SNOMED CT Annotation for Improved Pathological Decisions in Breast Cancer Domain
G. Johanna Johnsi Rani1, Gladis D2, Joy John Mammen3

1G. Johanna Johnsi Rani, Department of Computer Science, Madras Christian College (Autonomous), University of Madras, Chennai, India.
2Gladis D, Principal, Bharathi Women’s College (Autonomous), University of Madras, Chennai, India.
3Joy John Mammen, Professor and Head, Department of Transfusion Medicine & Immunohaematology, Christian Medical College, Vellore, India.

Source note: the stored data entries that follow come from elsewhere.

lemma openin_neighbourhood_below:
  assumes "x \<in> T"
  obtains U where "openin tree_topology U" "x \<in> U" "U \<subseteq> {z \<in> T. z \<sqsubseteq> x}"
proof (cases "minimal_in T le x")
  case True
  then show ?thesis using that openin_minimal_singleton assms tree_refl by blast
next
  case False
  then obtain s where "s \<in> T" "s \<sqsubset> x" using assms unfolding minimal_in_def strict_def by blast
  then show ?thesis using that openin_Ioc assms tree_refl by blast
qed

lemma openin_down_closed:
  assumes "D \<subseteq> T" and "\<And>x z. \<lbrakk>x \<in> D; z \<in> T; z \<sqsubseteq> x\<rbrakk> \<Longrightarrow> z \<in> D"
  shows "openin tree_topology D"
proof (subst openin_subopen, intro ballI)
  fix x assume "x \<in> D"
  then obtain U where "openin tree_topology U" "x \<in> U" "U \<subseteq> {z \<in> T. z \<sqsubseteq> x}"
    using openin_neighbourhood_below assms(1) by blast
  then show "\<exists>U. openin tree_topology U \<and> x \<in> U \<and> U \<subseteq> D"
    using assms(2) \<open>x \<in> D\<close> by blast
qed

lemma closedin_antichain:
  assumes "A \<subseteq> T" and antichain: "\<And>a b. \<lbrakk>a \<in> A; b \<in> A; a \<sqsubseteq> b\<rbrakk> \<Longrightarrow> a = b"
  shows "closedin tree_topology A"
proof -
  have "\<exists>U. openin tree_topology U \<and> z \<in> U \<and> U \<subseteq> T - A" if z: "z \<in> T - A" for z
  proof (cases "\<exists>a\<in>A. a \<sqsubset> z")
    case True
    then obtain a where "a \<in> A" "a \<sqsubset> z" by blast
    moreover have "Ioc a z \<inter> A = {}"
      using \<open>a \<in> A\<close> antichain unfolding strict_def by blast
    ultimately show ?thesis
      using openin_Ioc[of a z] z assms(1) tree_refl by blast
  next
    case False
    obtain U where "openin tree_topology U" "z \<in> U" "U \<subseteq> {w \<in> T. w \<sqsubseteq> z}"
      using openin_neighbourhood_below z by blast
    moreover have "{w \<in> T. w \<sqsubseteq> z} \<inter> A = {}"
      using False z unfolding strict_def by blast
    ultimately show ?thesis by blast
  qed
  then have "openin tree_topology (T - A)" by (subst openin_subopen) blast
  then show ?thesis using assms(1) by (simp add: closedin_def)
qed


lemma down_set_eventually_disjoint:
  assumes closed: "\<And>n. closedin tree_topology (F n)" and "decseq F" and "\<Inter>(range F) = {}"
    and x: "x \<in> T"
  shows "\<exists>n. \<forall>z\<in>T. z \<sqsubseteq> x \<longrightarrow> z \<notin> F n"
proof (rule ccontr)
  assume "\<nexists>n. \<forall>z\<in>T. z \<sqsubseteq> x \<longrightarrow> z \<notin> F n"
  define S where "S = {c \<in> T. c \<sqsubseteq> x \<and> (\<forall>n. \<exists>w\<in>T. w \<sqsubseteq> c \<and> w \<in> F n)}"
  have "x \<in> S" unfolding S_def using \<open>\<nexists>n. _\<close> x tree_refl by blast
  then obtain c where "c \<in> S" and c_minimal: "\<And>s. s \<in> S \<Longrightarrow> \<not> s \<sqsubset> c"
    using down_set_has_minimal[OF x, of S] unfolding S_def by blast
  then have cT: "c \<in> T" and "c \<sqsubseteq> x" and below_c: "\<And>n. \<exists>w\<in>T. w \<sqsubseteq> c \<and> w \<in> F n"
    unfolding S_def by auto
  obtain N where N: "c \<notin> F N" using \<open>\<Inter>(range F) = {}\<close> by blast
  have "\<not> minimal_in T le c"
    using below_c[of N] N unfolding minimal_in_def by blast
  moreover have "openin tree_topology (T - F N)"
    using closed[of N] by (simp add: closedin_def)
  ultimately obtain s where sT: "s \<in> T" and "s \<sqsubset> c" and gap: "Ioc s c \<inter> F N = {}"
    using openin_contains_Ioc[of "T - F N" c] cT N by blast
  \<comment> \<open>Every \<open>w \<sqsubseteq> c\<close> in \<open>F N\<close> lies strictly below \<open>c\<close> but not in \<open>(s, c]\<close>, hence below \<open>s\<close>.\<close>
  have "\<exists>w\<in>T. w \<sqsubseteq> s \<and> w \<in> F n" for n
  proof -
    obtain w where w: "w \<in> T" "w \<sqsubseteq> c" "w \<in> F (max n N)" using below_c by blast
    moreover have "F (max n N) \<subseteq> F n \<inter> F N" using \<open>decseq F\<close> unfolding decseq_def by simp
    ultimately have "w \<in> F n" "w \<in> F N" by auto
    then have "w \<sqsubset> c" and "\<not> s \<sqsubset> w" using w N gap unfolding strict_def by auto
    then have "w \<sqsubseteq> s"
      using predecessors_comparable[OF cT sT w(1) \<open>s \<sqsubset> c\<close>] tree_refl[OF sT]
      unfolding strict_def by auto
    then show ?thesis using w(1) \<open>w \<in> F n\<close> by blast
  qed
  moreover have "s \<sqsubseteq> x"
    using strict_le_trans[OF sT cT x \<open>s \<sqsubset> c\<close> \<open>c \<sqsubseteq> x\<close>] unfolding strict_def by blast
  ultimately have "s \<in> S" unfolding S_def using sT by blast
  then show False using c_minimal \<open>s \<sqsubset> c\<close> by blast
qed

Manuscript received on 02 August 2019. | Revised Manuscript received on 07 August 2019. | Manuscript published on 30 September 2019. | PP: 8400-8406 | Volume-8 Issue-3 September 2019 | Retrieval Number: C6519098319/2019©BEIESP | DOI: 10.35940/ijrte.C6519.098319

Open Access | Ethics and Policies | Cite | Mendeley | Indexing and Abstracting
© The Authors. Blue Eyes Intelligence Engineering and Sciences Publication (BEIESP). This is an open access article under the CC-BY-NC-ND license (http://creativecommons.org/licenses/by-nc-nd/4.0/)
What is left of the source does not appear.